Born in a car traveling over a hundred miles an hour, driven by his unstable father (Gary Cole), Ricky Bobby (Will Ferrell) grows up with one thought on his mind: "I wanna go fast." Starting out as a pit crew member (for a car sponsored by Laughing Clown Malt Liquor), Bobby gets a chance to go on the track when the actual driver steps out during a pit stop for a chicken sandwich. Bobby quickly becomes a star racer, winning several championships (but never on points), often with the assistance of fellow racer Cal Naughton, Jr., a teammate who is content to take second in order to set up a "shake and bake" maneuver which never fails to send Bobby into first. Bobby has millions in endorsement deals, a hot trophy wife (Leslie Bibb), and two smartmouthed children, Walker and Texas Ranger. Life is good.

Then along comes Jean Girrard (Sacha Baron Cohen), a French Formula One star who has come to the states to compete at NASCAR. The two confront each other at a bar, where Girrard breaks Bobby's arm. Bobby insists on racing mere days after and crashes, and though mostly uninjured, can't bring himself to drive over 26 mph. Dropped from the team, and his house, Bobby takes Walker and T.R. over to live with his mother (Jane Lynch). Bobby gets a job delivering pizzas (eventually via bicycle), and runs into his long-lost dad, who decides to teach Bobby to conquer his fear so he can once again go very very fast.

The plot is actually a bit more complicated than this, surprisingly enough, and it may just have one wrinkle too many- at 108 minutes, it feels a bit longer than it should, though I can't say what ought to be cut. Humorwise, it does take a little while to get going, though that may be because I saw it on a Thursday and it was a light crowd. I guess I'm getting the negative stuff out of the way early. Okay then. There we go.

On the upside, it is very funny. The same kind of melodramatic absurdity and non-sequitirness that marked ANCHORMAN is on display here, slightly less intensely because the story's meatier, but still effective. The cast is excellent; Ferrell is a natural at this kind of role, Reilly is surprisingly adept at wacky comedy, Cole comes close to stealing the show at times, and there are good appearances by Amy Adams as a nerdy-yet-very-very-cute pit manager and Molly Shannon as the drunken wife of the team owner.

And then there's Cohen.

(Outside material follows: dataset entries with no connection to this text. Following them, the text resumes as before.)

lemma commutes_wh_letter:
  assumes "E (fst x) (fst y)"
  shows "commutes E (wh_letter B b x) (wh_letter B b y)"
proof -
  have "[x, y] \<in> lists (letters X)" "[y, x] \<in> lists (letters X)"
    using adjacent_letters[OF assms] by auto
  moreover have "raag_eq E [x, y] [y, x]"
    using raag_eq.commute[of E x y "[]" "[]"] assms by simp
  ultimately have "raag_eq E (wh B b [x, y]) (wh B b [y, x])"
    by (rule raag_eq_wh)
  then show ?thesis by (simp add: commutes_def wh_def)
qed

text \<open>For y adjacent to b, the image p y q of y under (B, b) commutes with the fixed letter a,
  and cancelling y, so does p q.\<close>

lemma a_commutes_conjugators:
  assumes adj: "E (fst b) (fst y)" and y: "y \<noteq> a" "y \<noteq> linv a"
  shows "E (fst a) (fst y)"
    and "commutes E [a] ((if linv y \<in> B then [linv b] else []) @ (if y \<in> B then [b] else []))"
proof -
  define p where "p = (if linv y \<in> B then [linv b] else [])"
  define q where "q = (if y \<in> B then [b] else [])"
  have "fst y \<in> st X E (fst a)"
    using graph adj dominates by (auto simp: lk_def simplicial_graph_def dominates_def)
  moreover have "fst y \<noteq> fst a"
    using y fst_eq_imp_eq_or_linv[of a y] by auto
  ultimately show a_adj: "E (fst a) (fst y)"
    by (auto simp: st_def lk_def)
  have "y \<noteq> b" "y \<noteq> linv b"
    using adjacent_neq[OF adj] by auto
  then have fy: "wh_letter B b y = p @ [y] @ q"
    by (simp add: wh_letter_def p_def q_def)
  have "commutes E [y] [b]"
    using commutes_adjacent adjacent_sym[OF adj] by blast
  then have "commutes E [y] p" "commutes E [y] q"
    using commutes_winv[of E "[y]" "[b]"] by (simp_all add: p_def q_def)
  then have "raag_eq E ([] @ (p @ [y]) @ q) ([] @ ([y] @ p) @ q)"
    by (intro raag_eq_append_cong) (simp add: commutes_def raag_eq.sym)
  moreover have "wh_letter B b a = [a]"
    using a_notin linv_a_notin a_neq_b by (auto simp: wh_letter_def)
  ultimately have "commutes E [a] ([y] @ p @ q)"
    using commutes_raag_eq[of E "p @ [y] @ q" "[y] @ p @ q" "[a]"] commutes_wh_letter[OF a_adj] fy
    by simp
  then have "commutes E [a] (p @ q)"
    using commutes_append_cancel commutes_adjacent[of E a y, OF a_adj] by blast
  then show "commutes E [a] ((if linv y \<in> B then [linv b] else []) @ (if y \<in> B then [b] else []))"
    by (simp only: p_def q_def)
qed

lemma wh_letter_swap_neighbour:
  assumes "E (fst b) (fst y)" and "y \<noteq> a" "y \<noteq> linv a"
  shows "wh_letter B' a y =
    (if linv y \<in> B then [linv a] else []) @ [y] @ (if y \<in> B then [a] else [])"
proof -
  have "y \<noteq> b" "y \<noteq> linv b"
    using adjacent_neq[OF assms(1)] by auto
  then show ?thesis
    using assms(2,3) by (auto simp: wh_letter_def)
qed

lemma b_commutes_wh_letter_swap:
  assumes adj: "E (fst b) (fst y)"
  shows "commutes E [b] (wh_letter B' a y)"
proof (cases "y = a \<or> y = linv a")
  case True
  then show ?thesis using commutes_adjacent[of E b y, OF adj] by (auto simp: wh_letter_def)
next
  case False
  then have a_adj: "E (fst a) (fst y)"
    and ac: "commutes E [a] ((if linv y \<in> B then [linv b] else []) @ (if y \<in> B then [b] else []))"
    using a_commutes_conjugators[OF adj] by blast+
  have b_y: "commutes E [b] [y]"
    using commutes_adjacent[of E b y, OF adj] .
  have gy: "wh_letter B' a y =
      (if linv y \<in> B then [linv a] else []) @ [y] @ (if y \<in> B then [a] else [])"
    using wh_letter_swap_neighbour[OF adj] False by blast
  consider "linv y \<in> B" "y \<in> B" | "linv y \<in> B" "y \<notin> B" | "linv y \<notin> B" "y \<in> B"
    | "linv y \<notin> B" "y \<notin> B"
    by blast
  then show ?thesis
  proof cases
    case 1
    have "raag_eq E (winv [a] @ [y] @ [a]) [y]"
      by (rule raag_eq_conj_commuting[OF commutes_adjacent[of E a y, OF a_adj]])
    then have "raag_eq E [y] (wh_letter B' a y)"
      using gy 1 by (simp add: raag_eq.sym)
    then show ?thesis using commutes_raag_eq b_y by blast
  next
    case 2
    then have "commutes E [a] (winv [linv b])"
      using ac commutes_winv by (simp del: winv_Cons)
    then have "commutes E [b] [a]"
      using commutes_sym by simp
    then have "commutes E [b] (winv [a])"
      by (rule commutes_winv)
    then have "commutes E [b] ([linv a] @ [y])"
      using commutes_append[of E "[b]" "[linv a]" "[y]"] b_y by (simp add: winv_def)
    then show ?thesis using gy 2 by simp
  next
    case 3
    then have "commutes E [b] [a]"
      using ac commutes_sym by simp
    then have "commutes E [b] ([y] @ [a])"
      using commutes_append b_y by blast
    then show ?thesis using gy 3 by simp
  next
    case 4
    then show ?thesis using gy b_y by simp
  qed
qed

lemma commutes_wh_letter_swap:
  assumes adj: "E (fst x) (fst y)"
  shows "commutes E (wh_letter B' a x) (wh_letter B' a y)"
proof -
  have b_case: "commutes E (wh_letter B' a x) (wh_letter B' a y)"
    if adj: "E (fst x) (fst y)" and x: "x = b \<or> x = linv b" for x y
  proof -
    have "wh_letter B' a b = [b]" "wh_letter B' a (linv b) = [linv b]"
      using a_neq_b linv_b_notin by (auto simp: wh_letter_def)
    moreover have "commutes E (wh_letter B' a y) [b]"
      using b_commutes_wh_letter_swap[of y] adj x commutes_sym by auto
    moreover have "commutes E (wh_letter B' a y) (winv [b])"
      using calculation(3) by (rule commutes_winv)
    ultimately show ?thesis
      using x commutes_sym by auto
  qed
  consider "x = b \<or> x = linv b" | "y = b \<or> y = linv b"
    | "x \<noteq> b" "x \<noteq> linv b" "y \<noteq> b" "y \<noteq> linv b"
    by blast
  then show ?thesis
  proof cases
    case 1
    then show ?thesis using b_case[OF adj] by blast
  next
    case 2
    then show ?thesis using b_case[OF adjacent_sym[OF adj]] commutes_sym by blast
  next
    case 3
    have "raag_eq E (repl b a (wh_letter B b x @ wh_letter B b y))
        (repl b a (wh_letter B b y @ wh_letter B b x))"
      using commutes_wh_letter[OF adj] raag_eq_repl[OF graph dominates]
      by (simp add: commutes_def)
    then show ?thesis using wh_letter_swap 3 by (simp add: commutes_def repl_eq_map)
  qed
qed

lemma raag_eq_wh_swap: "raag_eq E w w' \<Longrightarrow> raag_eq E (wh B' a w) (wh B' a w')"
  unfolding wh_def
  by (rule raag_eq_concat_map[of E "wh_letter B' a", OF commutes_wh_letter_swap wh_letter_linv])

lemma raag_conj_wh:
  "w \<in> lists (letters X) \<Longrightarrow> w' \<in> lists (letters X) \<Longrightarrow> raag_conj X E w w' \<Longrightarrow>
    raag_conj X E (wh B b w) (wh B b w')"
  by (rule raag_conj_hom[where F = "wh B b"])
    (simp_all add: wh_in_lists[OF b_letter B_letters] raag_eq_wh wh_append wh_winv)

lemma raag_conj_wh_swap:
  assumes "w \<in> lists (letters X)" "w' \<in> lists (letters X)" "raag_conj X E w w'"
  shows "raag_conj X E (wh B' a w) (wh B' a w')"
proof -
  have "B' \<subseteq> letters X"
    using a_letter B_letters by blast
  moreover have "raag_eq E (wh B' a t) (wh B' a t')"
    if "t \<in> lists (letters X)" "t' \<in> lists (letters X)" "raag_eq E t t'" for t t'
    using raag_eq_wh_swap that(3) .
  ultimately show ?thesis
    by (intro raag_conj_hom[where F = "wh B' a", OF _ _ _ _ assms])
      (simp_all only: wh_in_lists[OF a_letter] wh_append wh_winv)
qed

lemma raag_conj_repl:
  "w \<in> lists (letters X) \<Longrightarrow> w' \<in> lists (letters X) \<Longrightarrow> raag_conj X E w w' \<Longrightarrow>
    raag_conj X E (repl b a w) (repl b a w')"
  by (rule raag_conj_hom[where F = "repl b a"])
    (simp_all add: repl_in_lists[OF a_letter] raag_eq_repl[OF graph dominates] repl_append repl_winv)

lemma raag_eq_repl_wh_swap:
  assumes u: "u \<in> lists (letters X)" and supp: "fst b \<notin> supp_elem X E u"
    and v: "raag_eq E v (wh B b u)"
  shows "raag_eq E (repl b a v) (wh B' a u)"
proof -
  define w where "w = (SOME w. graph_reduced X E w \<and> raag_eq E w u)"
  have w: "graph_reduced X E w \<and> raag_eq E w u"
    unfolding w_def by (rule someI_ex[OF graph_reduced_exists[OF u]])
  then have w_lists: "w \<in> lists (letters X)"
    by (simp add: graph_reduced_def)
  have "raag_eq E (repl b a v) (repl b a (wh B b u))"
    by (rule raag_eq_repl[OF graph dominates v])
  also have "raag_eq E \<dots> (repl b a (wh B b w))"
    using raag_eq_repl[OF graph dominates raag_eq_wh[OF u w_lists raag_eq.sym]] w by blast
  also have "repl b a (wh B b w) = wh B' a w"
    using supp by (simp add: wh_swap_eq_repl_wh[symmetric] supp_elem_def w_def)
  also have "raag_eq E \<dots> (wh B' a u)"
    using raag_eq_wh_swap w by blast
  finally show ?thesis .
qed

lemma raag_conj_repl_wh_swap:
  assumes u: "u \<in> lists (letters X)" and supp: "fst b \<notin> supp_conj X E u"
    and v: "v \<in> lists (letters X)" "raag_conj X E v (wh B b u)"
  shows "raag_conj X E (repl b a v) (wh B' a u)"
proof -
  define w where "w = (SOME w. cyc_reduced X E w \<and> raag_conj X E w u)"
  have w: "cyc_reduced X E w \<and> raag_conj X E w u"
    unfolding w_def by (rule someI_ex[OF cyc_reduced_exists[OF u]])
  then have w_lists: "w \<in> lists (letters X)"
    by (simp add: cyc_reduced_def)
  have wh_lists: "wh B b t \<in> lists (letters X)" if "t \<in> lists (letters X)" for t
    using wh_in_lists b_in B_letters that by blast
  have "raag_conj X E (repl b a v) (repl b a (wh B b u))"
    by (rule raag_conj_repl[OF v(1) wh_lists[OF u] v(2)])
  also have "raag_conj X E \<dots> (repl b a (wh B b w))"
    using raag_conj_repl[OF wh_lists[OF u] wh_lists[OF w_lists]
        raag_conj_wh[OF u w_lists raag_conj_sym]] w by blast
  also have "repl b a (wh B b w) = wh B' a w"
    using supp by (simp add: wh_swap_eq_repl_wh[symmetric] supp_conj_def w_def)
  also have "raag_conj X E \<dots> (wh B' a u)"
    using raag_conj_wh_swap[OF w_lists u] w by blast
  finally show ?thesis .
qed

The character he plays is interesting, because he's introduced as the ultimate NASCAR heel- a married gay Frenchman who listens to jazz, reads Camus and drinks tea while driving, and takes a disaffected, ironic view of everything. And yet the movie goes so far as to make him somewhat sympathetic, and much of the film's resolution undermines a lot of the fake "common man vs. elitist" politics which NASCAR, like just about any other "blue collar" pastime, gets dragged into. Despite most Hollywood filmmakers leaning to the liberal side, the "anti-French" meme has gained surprising traction in all levels of pop culture, and it's nice to see it deflated once in a while even as French culture is mocked alongside it. The claim that "we make fun of everyone", sometimes used disingenuously, actually applies here. In any case, Cohen's is a good performance, and it's a bit of a shame that Andy Richter, as his husband, doesn't get more screentime.

So, we have here a big dumb comedy that's not completely dumb (indeed, that actually holds together thematically), that's not as funny as perhaps it could be but still delivers. The problem with a comedy like this is I can't talk too much about the jokes without just giving them away, suffice it to say they generally work, and so it's worth your time.

Grade: B

2 comments:

nakedblogger said...

Evan,

Do you feel entirely comfortable using the verb "to grok" in everyday conversation? I got you but am a bit surprised to hear someone giving props to the venerable Mr. H.

Evan Waters said...

I don't think I've ever used it in conversation. Interestingly enough I am reading "Stranger in a Strange Land" at the moment, so that probably influenced my choice of words.